Gotta call you on it. You see her as not taking responsibility of her stuff...which is her feelings, thoughts and beliefs...

Yet you said how SHE hurt you...and she in turn said she reacted to what you did to her...

This cycle has no beginning or end, LM...unless you use "I" statements and own your stuff...

"I feel belittled when you say _____"

"I said I felt _____ when you said/did __________; and I heard I made you hurt me, is that correct?"

Are you opening up to your own stuff and sharing with her...or are you putting it on her, divvying it up like we did when we were kids...one for you, one for me...two for you, two for me?

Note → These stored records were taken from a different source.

(* Let $u\in V$ be quasiprimary of weight $N\ge1$, let $f_0(x),\dots,f_{2N-2}(x)$ be arbitrary Laurent series, and put $\psi^{(0)}_N(x,y)=\frac1{x-y}+\sum_{\ell=0}^{2N-2}f_\ell(x)y^\ell$. Then for all $v_1,\dots,v_n\in V$, \[ Z^{(0)}(u,x;v_1,y_1;\dots;v_n,y_n)=\sum_{k=1}^n\sum_{j\ge0}\partial^{(0,j)}\psi^{(0)}_N(x,y_k)\,Z^{(0)}(v_1,y_1;\dots;u(j)v_k,y_k;\dots;v_n,y_n). \]
   Context: $V=\bigoplus_{n\ge0}V_n$ is a simple, self-dual vertex operator algebra (VOA) of strong CFT type ($V_0=\mathbb C\mathbb 1$, $L(1)V_1=0$), with vertex operators $Y(u,z)=\sum_{n\in\mathbb Z}u(n)z^{-n-1}$, Virasoro modes $L(n)$, and $\mathrm{wt}(v)=n$ for $v\in V_n$. A vector $u$ is quasiprimary if $L(1)u=0$. $\langle\cdot,\cdot\rangle$ is the unique invariant nondegenerate bilinear form on $V$ (Li–Zamolodchikov metric) with $\langle\mathbb 1,\mathbb 1\rangle=1$, invariant meaning $\langle Y(u,z)v,w\rangle=\langle v,Y(e^{zL(1)}(-z^{-2})^{L(0)}u,1/z)w\rangle$. The genus zero $n$-point function is $Z^{(0)}(v_1,y_1;\dots;v_n,y_n)=\langle \mathbb 1,Y(v_1,y_1)\cdots Y(v_n,y_n)\mathbb 1\rangle$. Notation: $\partial^{(j)}_y=\frac1{j!}\partial_y^j$ and $\partial^{(i,j)}F(x,y)=\partial_x^{(i)}\partial_y^{(j)}F(x,y)$; negative powers of binomials such as $\frac1{x-y}$ are expanded using $(x+y)^m=\sum_{k\ge0}\binom mk x^{m-k}y^k$. *)

theory Defs
  imports Complex_Main
begin

text \<open>Sum of a family over its support; used for the sums over i \<ge> 0, j \<ge> 0, m \<ge> 0
  in the VOA axioms and in the theorem, all of which have finite support
  (truncation / grading).\<close>
definition fsum :: "('i \<Rightarrow> 'a::comm_monoid_add) \<Rightarrow> 'a" where
  "fsum g = sum g {i. g i \<noteq> 0}"

text \<open>Data: scalar multiplication sc on the carrier type 'v, modes md u n v = u(n)v,
  vacuum vac, conformal vector om, central charge cc.\<close>

definition Vir :: "('v \<Rightarrow> int \<Rightarrow> 'v \<Rightarrow> 'v) \<Rightarrow> 'v \<Rightarrow> int \<Rightarrow> 'v \<Rightarrow> 'v" where
  "Vir md om n = md om (n + 1)"

definition wt_space ::
  "(complex \<Rightarrow> 'v \<Rightarrow> 'v) \<Rightarrow> ('v \<Rightarrow> int \<Rightarrow> 'v \<Rightarrow> 'v) \<Rightarrow> 'v \<Rightarrow> nat \<Rightarrow> 'v set" where
  "wt_space sc md om k = {v. Vir md om 0 v = sc (of_nat k) v}"

definition is_VOA ::
  "(complex \<Rightarrow> 'v::ab_group_add \<Rightarrow> 'v) \<Rightarrow> ('v \<Rightarrow> int \<Rightarrow> 'v \<Rightarrow> 'v) \<Rightarrow> 'v \<Rightarrow> 'v \<Rightarrow> complex \<Rightarrow> bool" where
  "is_VOA sc md vac om cc \<longleftrightarrow>
     vector_space sc \<and>
     (\<forall>u n. Vector_Spaces.linear sc sc (md u n)) \<and>
     (\<forall>v n. Vector_Spaces.linear sc sc (\<lambda>u. md u n v)) \<and>
     \<comment> \<open>truncation\<close>
     (\<forall>u v. \<exists>M. \<forall>n\<ge>M. md u n v = 0) \<and>
     \<comment> \<open>vacuum axioms\<close>
     (\<forall>n v. md vac n v = (if n = -1 then v else 0)) \<and>
     (\<forall>u. md u (-1) vac = u \<and> (\<forall>n\<ge>0. md u n vac = 0)) \<and>
     \<comment> \<open>Borcherds (Jacobi) identity in modes\<close>
     (\<forall>u v w p q r.
        fsum (\<lambda>i::nat. sc (of_int p gchoose i) (md (md u (r + int i) v) (p + q - int i) w)) =
        fsum (\<lambda>i::nat. sc ((-1) ^ i * (of_int r gchoose i))
               (md u (p + r - int i) (md v (q + int i) w)
                - sc ((-1::complex) powi r) (md v (q + r - int i) (md u (p + int i) w))))) \<and>
     \<comment> \<open>Virasoro relations\<close>
     (\<forall>m n v. Vir md om m (Vir md om n v) - Vir md om n (Vir md om m v) =
        sc (of_int (m - n)) (Vir md om (m + n) v)
        + (if m + n = 0 then sc (of_int (m ^ 3 - m) / 12 * cc) v else 0)) \<and>
     \<comment> \<open>L(-1)-derivative property: Y(L(-1)u,z) = d/dz Y(u,z)\<close>
     (\<forall>u n v. md (Vir md om (-1) u) n v = sc (- of_int n) (md u (n - 1) v)) \<and>
     \<comment> \<open>grading V = direct sum of L(0)-eigenspaces V_n, n \<ge> 0, each finite dimensional\<close>
     (\<forall>v. \<exists>S g. finite S \<and> (\<forall>k\<in>S. g k \<in> wt_space sc md om k) \<and> v = sum g S) \<and>
     (\<forall>k. \<exists>B. finite B \<and> wt_space sc md om k \<subseteq> module.span sc B) \<and>
     om \<in> wt_space sc md om 2"

definition strong_CFT_type ::
  "(complex \<Rightarrow> 'v::ab_group_add \<Rightarrow> 'v) \<Rightarrow> ('v \<Rightarrow> int \<Rightarrow> 'v \<Rightarrow> 'v) \<Rightarrow> 'v \<Rightarrow> 'v \<Rightarrow> bool" where
  "strong_CFT_type sc md vac om \<longleftrightarrow>
     wt_space sc md om 0 = module.span sc {vac} \<and>
     (\<forall>v\<in>wt_space sc md om 1. Vir md om 1 v = 0)"

definition VOA_ideal ::
  "(complex \<Rightarrow> 'v::ab_group_add \<Rightarrow> 'v) \<Rightarrow> ('v \<Rightarrow> int \<Rightarrow> 'v \<Rightarrow> 'v) \<Rightarrow> 'v set \<Rightarrow> bool" where
  "VOA_ideal sc md I \<longleftrightarrow> module.subspace sc I \<and>
     (\<forall>u w n. w \<in> I \<longrightarrow> md u n w \<in> I \<and> md w n u \<in> I)"

definition simple_VOA ::
  "(complex \<Rightarrow> 'v::ab_group_add \<Rightarrow> 'v) \<Rightarrow> ('v \<Rightarrow> int \<Rightarrow> 'v \<Rightarrow> 'v) \<Rightarrow> bool" where
  "simple_VOA sc md \<longleftrightarrow> (\<exists>v::'v. v \<noteq> 0) \<and>
     (\<forall>I. VOA_ideal sc md I \<longrightarrow> I = {0} \<or> I = UNIV)"

text \<open>Invariant bilinear form, invariance written out in modes for homogeneous u:
  <u(n)v,w> = (-1)^k sum_{m\<ge>0} 1/m! <v, (L(1)^m u)(2k-n-m-2) w>  for u \<in> V_k,
  which is the coefficient of z^(-n-1) in the defining invariance identity.\<close>
definition invariant_form ::
  "(complex \<Rightarrow> 'v::ab_group_add \<Rightarrow> 'v) \<Rightarrow> ('v \<Rightarrow> int \<Rightarrow> 'v \<Rightarrow> 'v) \<Rightarrow> 'v \<Rightarrow> ('v \<Rightarrow> 'v \<Rightarrow> complex) \<Rightarrow> bool" where
  "invariant_form sc md om bf \<longleftrightarrow>
     (\<forall>v. Vector_Spaces.linear sc (*) (bf v)) \<and>
     (\<forall>w. Vector_Spaces.linear sc (*) (\<lambda>v. bf v w)) \<and>
     (\<forall>k u n v w. u \<in> wt_space sc md om k \<longrightarrow>
        bf (md u n v) w =
        (-1) ^ k * fsum (\<lambda>m::nat.
           bf v (md ((Vir md om 1 ^^ m) u) (2 * int k - n - int m - 2) w) / of_nat (fact m)))"

text \<open>The Li--Zamolodchikov metric: invariant, nondegenerate, normalised by <1,1> = 1.
  (Its existence is the self-duality hypothesis; it is then unique.)\<close>
definition LZ_metric ::
  "(complex \<Rightarrow> 'v::ab_group_add \<Rightarrow> 'v) \<Rightarrow> ('v \<Rightarrow> int \<Rightarrow> 'v \<Rightarrow> 'v) \<Rightarrow> 'v \<Rightarrow> 'v \<Rightarrow> ('v \<Rightarrow> 'v \<Rightarrow> complex) \<Rightarrow> bool" where
  "LZ_metric sc md vac om bf \<longleftrightarrow>
     invariant_form sc md om bf \<and>
     (\<forall>v. (\<forall>w. bf v w = 0) \<longrightarrow> v = 0) \<and>
     (\<forall>w. (\<forall>v. bf v w = 0) \<longrightarrow> w = 0) \<and>
     bf vac vac = 1"

text \<open>A formal series in variables z_1..z_m is represented by its coefficient function
  on exponent lists: F es = coefficient of z_1^(es!0) ... z_m^(es!(m-1)).
  Genus zero n-point function <1, Y(v_1,y_1)...Y(v_n,y_n) 1>: the coefficient of
  y_1^(e_1)...y_n^(e_n) is <1, v_1(-e_1-1) ... v_n(-e_n-1) 1>.\<close>
definition Z0 ::
  "('v \<Rightarrow> int \<Rightarrow> 'v \<Rightarrow> 'v) \<Rightarrow> 'v \<Rightarrow> ('v \<Rightarrow> 'v \<Rightarrow> complex) \<Rightarrow> 'v list \<Rightarrow> int list \<Rightarrow> complex" where
  "Z0 md vac bf vs es = bf vac (foldr (\<lambda>(v, e) w. md v (- e - 1) w) (zip vs es) vac)"

text \<open>Two-variable series G(x,y) as coefficient functions G p q (coefficient of x^p y^q).
  Expansion of 1/(x-y) = sum_{i\<ge>0} x^(-i-1) y^i.\<close>
definition inv_diff :: "int \<Rightarrow> int \<Rightarrow> complex" where
  "inv_diff p q = (if 0 \<le> q \<and> p = - q - 1 then 1 else 0)"

text \<open>psi_N^(0)(x,y) = 1/(x-y) + sum_{l=0}^{2N-2} f_l(x) y^l, with f l p the coefficient of
  x^p in f_l(x).\<close>
definition psi0 :: "(nat \<Rightarrow> int \<Rightarrow> complex) \<Rightarrow> nat \<Rightarrow> int \<Rightarrow> int \<Rightarrow> complex" where
  "psi0 f N p q = inv_diff p q + (if 0 \<le> q \<and> q \<le> 2 * int N - 2 then f (nat q) p else 0)"

text \<open>Divided derivative in the second variable: d^(0,j), using
  d_y^(j) y^m = binom(m,j) y^(m-j).\<close>
definition dy :: "nat \<Rightarrow> (int \<Rightarrow> int \<Rightarrow> complex) \<Rightarrow> int \<Rightarrow> int \<Rightarrow> complex" where
  "dy j G p q = (of_int (q + int j) gchoose j) * G p (q + int j)"

text \<open>Product of G(x, y_k) (y := y_k, k zero-based) with a series H(y_1..y_n), giving a
  series in (x, y_1, ..., y_n); exponent list = x-exponent # y-exponents.\<close>
definition mult_at :: "nat \<Rightarrow> (int \<Rightarrow> int \<Rightarrow> complex) \<Rightarrow> (int list \<Rightarrow> complex) \<Rightarrow> int list \<Rightarrow> complex" where
  "mult_at k G H es = fsum (\<lambda>q::int. G (hd es) q * H ((tl es)[k := tl es ! k - q]))"

end

theory Submission
  imports Defs
begin

text \<open>Write \<open>W\<close> for the state \<open>Y(v_1,y_1) \<cdots> Y(v_n,y_n) \<one>\<close>, so that
  \<open>Z(u,x; v_1,y_1; \<dots>) = \<langle>\<one>, Y(u,x) W\<rangle>\<close>. Invariance of the form moves the mode \<open>u(n)\<close> onto
  the vacuum as \<open>u(2N-2-n)\<close>, with no \<open>L(1)\<close>-corrections since \<open>u\<close> is quasiprimary; hence
  \<open>\<langle>\<one>, u(n) W\<rangle> = 0\<close> for all \<open>n \<le> 2N-2\<close>. So only the modes \<open>u(n)\<close>, \<open>n \<ge> 0\<close>, contribute,
  and these are moved through the \<open>Y(v_k,y_k)\<close> by the commutator formula
  \<open>[u(n), Y(v,y)] = \<Sum>_j \<partial>_y^(j) y^n Y(u(j)v,y)\<close> until they annihilate the vacuum; this is the
  \<open>1/(x-y_k)\<close> part of \<open>\<psi>\<close>. The part \<open>f_l(x) y^l\<close> of \<open>\<psi>\<close> contributes the same expression
  for \<open>\<langle>\<one>, u(l) W\<rangle>\<close> with \<open>l \<le> 2N-2\<close>, which vanishes.\<close>

lemma fsum_eq_sum:
  "finite S \<Longrightarrow> (\<And>x. x \<notin> S \<Longrightarrow> g x = 0) \<Longrightarrow> fsum g = sum g S"
  unfolding fsum_def by (rule sum.mono_neutral_left) auto

definition mode_state :: "('v \<Rightarrow> int \<Rightarrow> 'v \<Rightarrow> 'v) \<Rightarrow> 'v \<Rightarrow> 'v list \<Rightarrow> int list \<Rightarrow> 'v" where
  "mode_state md vac vs es = foldr (\<lambda>(v, e) w. md v (- e - 1) w) (zip vs es) vac"

lemma mode_state_simps [simp]:
  "mode_state md vac [] es = vac"
  "mode_state md vac (v # vs) (e # es) = md v (- e - 1) (mode_state md vac vs es)"
  by (simp_all add: mode_state_def)

lemma Z0_eq_mode_state: "Z0 md vac bf vs es = bf vac (mode_state md vac vs es)"
  by (simp add: Z0_def mode_state_def)

lemma mode_state_update_zero:
  assumes "\<And>v n. md v n 0 = 0" and "\<And>n w. md 0 n w = 0"
    and "k < length vs" and "k < length es"
  shows "mode_state md vac (vs[k := 0]) es = 0"
  using assms(3,4)
proof (induction vs arbitrary: es k)
  case Nil
  then show ?case by simp
next
  case (Cons v vs)
  then obtain e es' where "es = e # es'"
    by (cases es) auto
  with Cons assms(1,2) show ?case
    by (cases k) auto
qed

locale voa_with_form =
  fixes sc :: "complex \<Rightarrow> 'v::ab_group_add \<Rightarrow> 'v"
    and md :: "'v \<Rightarrow> int \<Rightarrow> 'v \<Rightarrow> 'v"
    and vac om :: 'v and cc :: complex
    and bf :: "'v \<Rightarrow> 'v \<Rightarrow> complex"
  assumes VOA: "is_VOA sc md vac om cc"
    and LZ: "LZ_metric sc md vac om bf"
begin

lemma module_sc: "module sc"
  using VOA by (auto simp: is_VOA_def module_iff_vector_space)

lemma module_hom_md: "module_hom sc sc (md u n)"
  using VOA by (auto simp: is_VOA_def linear_iff_module_hom)

lemma module_hom_md_left: "module_hom sc sc (\<lambda>u. md u n v)"
  using VOA by (auto simp: is_VOA_def linear_iff_module_hom)

lemma module_hom_bf: "module_hom sc (*) (bf v)"
  using LZ by (auto simp: LZ_metric_def invariant_form_def linear_iff_module_hom)

lemma module_hom_bf_left: "module_hom sc (*) (\<lambda>v. bf v w)"
  using LZ by (auto simp: LZ_metric_def invariant_form_def linear_iff_module_hom)

lemma md_zero_right [simp]: "md u n 0 = 0"
  using module_hom.zero[OF module_hom_md] .

lemma md_zero_left [simp]: "md 0 n v = 0"
  using module_hom.zero[OF module_hom_md_left] by simp

lemma bf_zero_right [simp]: "bf v 0 = 0"
  using module_hom.zero[OF module_hom_bf] .

lemma bf_zero_left [simp]: "bf 0 w = 0"
  using module_hom.zero[OF module_hom_bf_left] by simp

lemma sc_one [simp]: "sc 1 x = x"
  using module.scale_one[OF module_sc] .

lemma sc_zero_left [simp]: "sc 0 x = 0"
  using module.scale_zero_left[OF module_sc] .

lemma sc_zero_right [simp]: "sc c 0 = 0"
  using module.scale_zero_right[OF module_sc] .


lemmas md_sum = module_hom.sum[OF module_hom_md]
lemmas md_scale = module_hom.scale[OF module_hom_md]
lemmas bf_sum = module_hom.sum[OF module_hom_bf]
lemmas bf_scale = module_hom.scale[OF module_hom_bf]

lemma mode_vac_eq_zero: "0 \<le> n \<Longrightarrow> md u n vac = 0"
  using VOA by (auto simp: is_VOA_def)

lemma eventually_mode_eq_zero: "eventually (\<lambda>j. md u (int j) v = 0) sequentially"
proof -
  have "\<exists>M::int. \<forall>n\<ge>M. md u n v = 0"
    using VOA by (simp add: is_VOA_def)
  then obtain M :: int where "\<forall>n\<ge>M. md u n v = 0" ..
  then show ?thesis
    unfolding eventually_sequentially by (intro exI[of _ "nat M"]) auto
qed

I'm not putting you down...I know you're upset and working hard...I want you to stop, breathe and relax your shoulders...

Anger is a secondary emotion...what was your first?

If you want a great marriage with anyone (someday)...you've got to take blame out of the relationship.

She does/says something and you feel hurt...now, is she defining you? Telling you who you are? Is she telling you how to feel, think or believe?

Or is she sharing her truth, what hurts her, and it hurts you because you believe you are the cause...or you believe SHE believes you are at fault, to blame?

Hey, take great pains to separate your pains...'k?

No one can make you take responsibility for what isn't yours...she can believe you are responsible, that doesn't make you responsible.

Are you doing this to her? Are you saying what she is responsible and she doesn't believe it?

Know your penchant to withdraw...to end...find your fear and look at it closely. This is not conflict...it is a disagreement...you have an expectation for her to own this...does that mean she won't own anything?

Why and what do you have to get from her in order to get to your own?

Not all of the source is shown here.